(* Let $(M,\varphi,\xi,\eta,g)$ be a $3$-dimensional $C_{12}$-manifold with Levi-Civita connection $\nabla$, let $\omega=-g(\nabla_\xi\xi,\cdot)$, let $\psi$ be the $g$-dual vector field of $\omega$, and assume that $\omega$ is closed and that $\psi$ vanishes nowhere. Write $|\psi|={\rm e}^{\rho}$ and $V={\rm e}^{-\rho}\psi$. Then (1) $\nabla_{\varphi V}V=(-{\rm e}^{\rho}+\operatorname{div}V)\,\varphi V$; (2) $\nabla_{\varphi V}\varphi V=({\rm e}^{\rho}-\operatorname{div}V)\,V$.
   Context: An almost contact metric manifold $(M^{2n+1},\varphi,\xi,\eta,g)$ consists of a Riemannian metric $g$, a $(1,1)$-tensor field $\varphi$, a vector field $\xi$ and a $1$-form $\eta$ with $\eta(\xi)=1$, $\varphi^2X=-X+\eta(X)\xi$, $g(\varphi X,\varphi Y)=g(X,Y)-\eta(X)\eta(Y)$. It is a $C_{12}$-manifold if its Levi-Civita connection satisfies $(\nabla_X\varphi)Y=\eta(X)\big(\omega(\varphi Y)\xi+\eta(Y)\varphi\psi\big)$ for all vector fields $X,Y$, where $\omega=-g(\nabla_\xi\xi,\cdot)$ and $\psi$ is the $g$-dual of $\omega$. Under the stated assumptions $\{\xi,V,\varphi V\}$ is an orthonormal frame. $\operatorname{div}V$ is the Riemannian divergence of $V$. *)

theory Defs
  imports "HOL-Analysis.Analysis"
begin

text \<open>Local-coordinate model of a 3-dimensional Riemannian manifold: an open set U of
  real^3 (a chart domain). Vectors at a point are elements of real^3, the metric is a
  matrix field G, (1,1)-tensors are matrix fields, 1-forms are covector fields
  (represented by their component vectors, alpha(X) = a p \<bullet> X).\<close>

type_synonym vec3 = "real^3"

definition partial :: "3 \<Rightarrow> (vec3 \<Rightarrow> real) \<Rightarrow> vec3 \<Rightarrow> real" where
  "partial i f p = frechet_derivative f (at p) (axis i 1)"

fun Ck :: "nat \<Rightarrow> vec3 set \<Rightarrow> (vec3 \<Rightarrow> real) \<Rightarrow> bool" where
  "Ck 0 U f = continuous_on U f"
| "Ck (Suc k) U f = ((\<forall>p\<in>U. f differentiable (at p)) \<and> (\<forall>i. Ck k U (partial i f)))"

definition smooth_fun :: "vec3 set \<Rightarrow> (vec3 \<Rightarrow> real) \<Rightarrow> bool" where
  "smooth_fun U f = (\<forall>k. Ck k U f)"

definition smooth_vf :: "vec3 set \<Rightarrow> (vec3 \<Rightarrow> vec3) \<Rightarrow> bool" where
  "smooth_vf U X = (\<forall>i. smooth_fun U (\<lambda>p. X p $ i))"

definition smooth_tf :: "vec3 set \<Rightarrow> (vec3 \<Rightarrow> real^3^3) \<Rightarrow> bool" where
  "smooth_tf U A = (\<forall>i j. smooth_fun U (\<lambda>p. A p $ i $ j))"

definition gm :: "(vec3 \<Rightarrow> real^3^3) \<Rightarrow> vec3 \<Rightarrow> vec3 \<Rightarrow> vec3 \<Rightarrow> real" where
  "gm G p u v = u \<bullet> (G p *v v)"

definition riemannian_metric :: "vec3 set \<Rightarrow> (vec3 \<Rightarrow> real^3^3) \<Rightarrow> bool" where
  "riemannian_metric U G \<longleftrightarrow> smooth_tf U G \<and>
     (\<forall>p\<in>U. transpose (G p) = G p \<and> (\<forall>v. v \<noteq> 0 \<longrightarrow> gm G p v v > 0))"

definition christoffel :: "(vec3 \<Rightarrow> real^3^3) \<Rightarrow> vec3 \<Rightarrow> 3 \<Rightarrow> 3 \<Rightarrow> 3 \<Rightarrow> real" where
  "christoffel G p i j k = (1/2) * (\<Sum>l\<in>UNIV. matrix_inv (G p) $ k $ l *
      (partial i (\<lambda>q. G q $ j $ l) p + partial j (\<lambda>q. G q $ i $ l) p
       - partial l (\<lambda>q. G q $ i $ j) p))"

text \<open>Levi-Civita covariant derivative (nabla_X Y)(p) of a vector field Y in the
  direction of the tangent vector X at p.\<close>
definition LC :: "(vec3 \<Rightarrow> real^3^3) \<Rightarrow> (vec3 \<Rightarrow> vec3) \<Rightarrow> vec3 \<Rightarrow> vec3 \<Rightarrow> vec3" where
  "LC G Y p X = (\<chi> k. frechet_derivative Y (at p) X $ k +
      (\<Sum>i\<in>UNIV. \<Sum>j\<in>UNIV. christoffel G p i j k * X $ i * Y p $ j))"

definition divergence :: "(vec3 \<Rightarrow> real^3^3) \<Rightarrow> (vec3 \<Rightarrow> vec3) \<Rightarrow> vec3 \<Rightarrow> real" where
  "divergence G Y p = (\<Sum>i\<in>UNIV. LC G Y p (axis i 1) $ i)"

text \<open>(nabla_X phi) Y at p, for vector fields X, Y.\<close>
definition LC_tf :: "(vec3 \<Rightarrow> real^3^3) \<Rightarrow> (vec3 \<Rightarrow> real^3^3) \<Rightarrow> (vec3 \<Rightarrow> vec3)
    \<Rightarrow> (vec3 \<Rightarrow> vec3) \<Rightarrow> vec3 \<Rightarrow> vec3" where
  "LC_tf G Phi X Y p = LC G (\<lambda>q. Phi q *v Y q) p (X p) - Phi p *v LC G Y p (X p)"

definition almost_contact_metric ::
  "vec3 set \<Rightarrow> (vec3 \<Rightarrow> real^3^3) \<Rightarrow> (vec3 \<Rightarrow> vec3) \<Rightarrow> (vec3 \<Rightarrow> vec3) \<Rightarrow> (vec3 \<Rightarrow> real^3^3) \<Rightarrow> bool"
  where
  "almost_contact_metric U Phi xi eta G \<longleftrightarrow>
     riemannian_metric U G \<and> smooth_tf U Phi \<and> smooth_vf U xi \<and> smooth_vf U eta \<and>
     (\<forall>p\<in>U. eta p \<bullet> xi p = 1 \<and>
        (\<forall>X. Phi p *v (Phi p *v X) = - X + (eta p \<bullet> X) *\<^sub>R xi p) \<and>
        (\<forall>X Y. gm G p (Phi p *v X) (Phi p *v Y) = gm G p X Y - (eta p \<bullet> X) * (eta p \<bullet> Y)))"

definition omega_cov :: "(vec3 \<Rightarrow> real^3^3) \<Rightarrow> (vec3 \<Rightarrow> vec3) \<Rightarrow> vec3 \<Rightarrow> vec3" where
  "omega_cov G xi p = (\<chi> j. - gm G p (LC G xi p (xi p)) (axis j 1))"

definition psi_vf :: "(vec3 \<Rightarrow> real^3^3) \<Rightarrow> (vec3 \<Rightarrow> vec3) \<Rightarrow> vec3 \<Rightarrow> vec3" where
  "psi_vf G xi p = matrix_inv (G p) *v omega_cov G xi p"

definition C12_manifold ::
  "vec3 set \<Rightarrow> (vec3 \<Rightarrow> real^3^3) \<Rightarrow> (vec3 \<Rightarrow> vec3) \<Rightarrow> (vec3 \<Rightarrow> vec3) \<Rightarrow> (vec3 \<Rightarrow> real^3^3) \<Rightarrow> bool"
  where
  "C12_manifold U Phi xi eta G \<longleftrightarrow> almost_contact_metric U Phi xi eta G \<and>
     (\<forall>X Y. smooth_vf U X \<longrightarrow> smooth_vf U Y \<longrightarrow> (\<forall>p\<in>U.
        LC_tf G Phi X Y p = (eta p \<bullet> X p) *\<^sub>R
          ((omega_cov G xi p \<bullet> (Phi p *v Y p)) *\<^sub>R xi p
           + (eta p \<bullet> Y p) *\<^sub>R (Phi p *v psi_vf G xi p))))"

■ Task instructions
Check every line of the records above for the string "UNIV". Copy those that hold it.

■ Task answer
  "christoffel G p i j k = (1/2) * (\<Sum>l\<in>UNIV. matrix_inv (G p) $ k $ l *
      (\<Sum>i\<in>UNIV. \<Sum>j\<in>UNIV. christoffel G p i j k * X $ i * Y p $ j))"
  "divergence G Y p = (\<Sum>i\<in>UNIV. LC G Y p (axis i 1) $ i)"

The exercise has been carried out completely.